Um, I should have mentioned that that does only the "current" line.
Move your cursor to a line with L1BAE and retry.

And it seems I typed "L1BAE" and you typed "L1A8E". Sorry, that will
have wasted your time. Corrected in the examples below.

| Every line:
| >  :%s/L1BAE/isspace/g
| The use of the % sign doesn't seem to be mentioned in the :help I have been able 
| to get to.

Maybe not. It's a shorthand for "1,$" i.e. from the first line to the
last line. I see someone else has suggested:

  :g/L1A8E/s//isspace/g

which in this case is semanticly equivalent but internally different.

It says "for each line (g) that contains L1A8E (/L1A8E/) replace that
(L1A8E, or more generally: what was matched in the first //) with isspace,
globally (g: every time it occurs on the line)".

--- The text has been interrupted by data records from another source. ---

lemma outer_cap_if_atoms:
  assumes "\<forall>x. emeasure M {x} > 0"
  shows "outer_cap M"
  unfolding outer_cap_def quasiouter_c_def
proof
  fix E :: "'a set"
  show "(INF G \<in> {G. open G \<and> E \<subseteq> G}. Cinf M G) \<le> 1 * Cinf M E"
  proof (cases "E = {}")
    case True
    then show ?thesis
      using Cinf_eq_0_if_null[of "{}"] by (intro INF_lower2[of "{}"]) auto
  qed (simp add: INF_open_superset_Cinf_eq_1 Cinf_nonempty_if_atoms[OF assms])
qed

lemma atoms_if_quasiouter:
  assumes "quasiouter M"
  shows "\<forall>x. emeasure M {x} > 0"
proof (rule ccontr)
  assume "\<not> (\<forall>x. emeasure M {x} > 0)"
  then obtain x where "outer_measure_of M {x} = 0"
    by (rule null_point_if_not_atoms)
  then have "Cinf M {x} = 0"
    by (rule Cinf_eq_0_if_null)
  moreover obtain c :: real where "quasiouter_c M (ereal c)"
    using assms unfolding quasiouter_def by blast
  then have "(INF G \<in> {G. open G \<and> {x} \<subseteq> G}. Cinf M G) \<le> ereal c * Cinf M {x}"
    unfolding quasiouter_c_def by blast
  ultimately show False
    using INF_open_superset_Cinf_eq_1[of "{x}"] by simp
qed

lemma atoms_iff_outer_cap: "(\<forall>x. emeasure M {x} > 0) \<longleftrightarrow> outer_cap M"
  and atoms_iff_quasiouter: "(\<forall>x. emeasure M {x} > 0) \<longleftrightarrow> quasiouter M"
proof -
  have "outer_cap M \<Longrightarrow> quasiouter M"
    unfolding outer_cap_def quasiouter_def by (intro exI[of _ 1]) (simp add: one_ereal_def)
  then show "(\<forall>x. emeasure M {x} > 0) \<longleftrightarrow> outer_cap M"
    "(\<forall>x. emeasure M {x} > 0) \<longleftrightarrow> quasiouter M"
    using outer_cap_if_atoms atoms_if_quasiouter by blast+
qed

lemma atoms_iff_weakly_qc_imp_quasicont:
  "(\<forall>x. emeasure M {x} > 0) \<longleftrightarrow> (\<forall>u. weakly_qc M u \<longrightarrow> quasicont M u)"
proof
  assume atoms: "\<forall>x. emeasure M {x} > 0"
  show "\<forall>u. weakly_qc M u \<longrightarrow> quasicont M u"
  proof (intro allI impI)
    fix u assume "weakly_qc M u"
    show "quasicont M u"
      unfolding quasicont_def
    proof (intro allI impI)
      fix e :: real assume "0 < e"
      then obtain E where E: "Cinf M E < ereal e" "\<forall>x\<in>-E. \<bar>u x\<bar> \<noteq> \<infinity>"
        "continuous_on (-E) (\<lambda>x. real_of_ereal (u x))"
        using \<open>weakly_qc M u\<close> unfolding weakly_qc_def by blast
      text \<open>Either \<open>E = {}\<close> is already open, or \<open>Cinf M E = 1\<close> and the open set \<open>UNIV\<close> is as small.\<close>
      show "\<exists>E. open E \<and> Cinf M E < ereal e \<and> (\<forall>x\<in>-E. \<bar>u x\<bar> \<noteq> \<infinity>) \<and>
          continuous_on (-E) (\<lambda>x. real_of_ereal (u x))"
      proof (cases "E = {}")
        case True
        with E show ?thesis
          by (intro exI[of _ E]) simp
      next
        case False
        then have "Cinf M UNIV < ereal e"
          using E(1) Cinf_nonempty_if_atoms[OF atoms, of UNIV] Cinf_nonempty_if_atoms[OF atoms, of E]
          by simp
        then show ?thesis
          by (intro exI[of _ UNIV]) simp
      qed
    qed
  qed
next
  assume weakly_qc_imp_qc: "\<forall>u. weakly_qc M u \<longrightarrow> quasicont M u"
  show "\<forall>x. emeasure M {x} > 0"
  proof (rule ccontr)
    assume "\<not> (\<forall>x. emeasure M {x} > 0)"
    then obtain x where "outer_measure_of M {x} = 0"
      by (rule null_point_if_not_atoms)
    then have "weakly_qc M (indicator {x})" "\<not> quasicont M (indicator {x})"
      using indicator_null_weakly_qc_not_quasicont[of "{x}"] by simp_all
    with weakly_qc_imp_qc show False
      by blast
  qed
qed

lemma atoms_iff_outer_zero_cap: "(\<forall>x. emeasure M {x} > 0) \<longleftrightarrow> outer_zero_cap M"
proof
  assume atoms: "\<forall>x. emeasure M {x} > 0"
  have "E = {}" if "Cinf M E = 0" for E
    using that Cinf_nonempty_if_atoms[OF atoms, of E] by auto
  then show "outer_zero_cap M"
    unfolding outer_zero_cap_def using Cinf_eq_0_if_null[of "{}"]
    by (auto intro!: exI[of _ "{}"])
next
  assume zero_cap: "outer_zero_cap M"
  show "\<forall>x. emeasure M {x} > 0"
  proof (rule ccontr)
    assume "\<not> (\<forall>x. emeasure M {x} > 0)"
    then obtain x where "outer_measure_of M {x} = 0"
      by (rule null_point_if_not_atoms)
    then obtain G where G: "open G" "x \<in> G" "Cinf M G < ereal (1/2)"
      using zero_cap[unfolded outer_zero_cap_def, rule_format, of "{x}" "1/2"]
        Cinf_eq_0_if_null[of "{x}"] by auto
    then have "Cinf M G = 1"
      by (intro Cinf_open_nonempty) auto
    with G(3) show False
      by (simp add: one_ereal_def)
  qed
qed

end

theorem theorem6p2:
  fixes M :: "('a::metric_space) measure"
  assumes "mms M"
    and "all_curves_zero_modulus M"
  shows "N1inf M = Linf M
    \<and> (\<forall>E. (outer_measure_of M E = 0 \<longrightarrow> Cinf M E = 0) \<and> (outer_measure_of M E > 0 \<longrightarrow> Cinf M E = 1))
    \<and> (\<forall>A. A \<noteq> {} \<and> outer_measure_of M A = 0 \<longrightarrow>
         indicator A \<in> N1inf M \<and> weakly_qc M (indicator A) \<and> \<not> quasicont M (indicator A))
    \<and> (\<forall>F. closed F \<and> interior F = {} \<and> outer_measure_of M F > 0 \<longrightarrow>
         indicator F \<in> N1inf M \<and> \<not> weakly_qc M (indicator F))
    \<and> ((\<forall>x. emeasure M {x} > 0) \<longleftrightarrow> outer_cap M)
    \<and> ((\<forall>x. emeasure M {x} > 0) \<longleftrightarrow> quasiouter M)
    \<and> ((\<forall>x. emeasure M {x} > 0) \<longleftrightarrow> (\<forall>u. weakly_qc M u \<longrightarrow> quasicont M u))
    \<and> ((\<forall>x. emeasure M {x} > 0) \<longleftrightarrow> outer_zero_cap M)
    \<and> ((\<forall>x. emeasure M {x} > 0) \<longleftrightarrow> (\<forall>E. E \<noteq> {} \<longrightarrow> Cinf M E > 0))"
  using indicator_null_weakly_qc_not_quasicont[OF assms] indicator_closed_not_weakly_qc[OF assms]
  by (intro conjI N1inf_eq_Linf[OF assms] atoms_iff_outer_cap[OF assms]
      atoms_iff_quasiouter[OF assms] atoms_iff_weakly_qc_imp_quasicont[OF assms]
      atoms_iff_outer_zero_cap[OF assms] atoms_iff_Cinf_pos[OF assms])
    (simp_all add: Cinf_eq_0_if_null[OF assms] Cinf_eq_1_if_pos[OF assms])

end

For your task these two things are the same. There are other circumstances
where the "g/ptn/something" idiom has specific advantages.

| When I figure out what a piece of code is doing, I would like to be able to 
| globally replace the L1A8E label it now carries as an entry point,  as found 
| and labeled by our disassembler, with something more in line with what the 
| routine actually does, like "s/L1A8E/printerr/g" which with another editor I 
| use on that machine will globally replace every instance of L1A8E with 
| printerr.

Ok. You might also want to beef up the regexp, thus:

  :%s/\<L1A8E\>/isspace/g

The causes the L1A8E to have "word boundaries" at each end, so that
FOOL1A8EBAR will not match the regexp. It looks like your disassembler
generated labels won't have this trouble, but I like to be cautious.

Cheers,
-- 
Cameron Simpson <cs at zip.com.au> DoD#743
http://www.cskk.ezoshosting.com/cs/

C makes it easy for you to shoot yourself in the foot.  C++ makes that
harder, but when you do, it blows away your whole leg.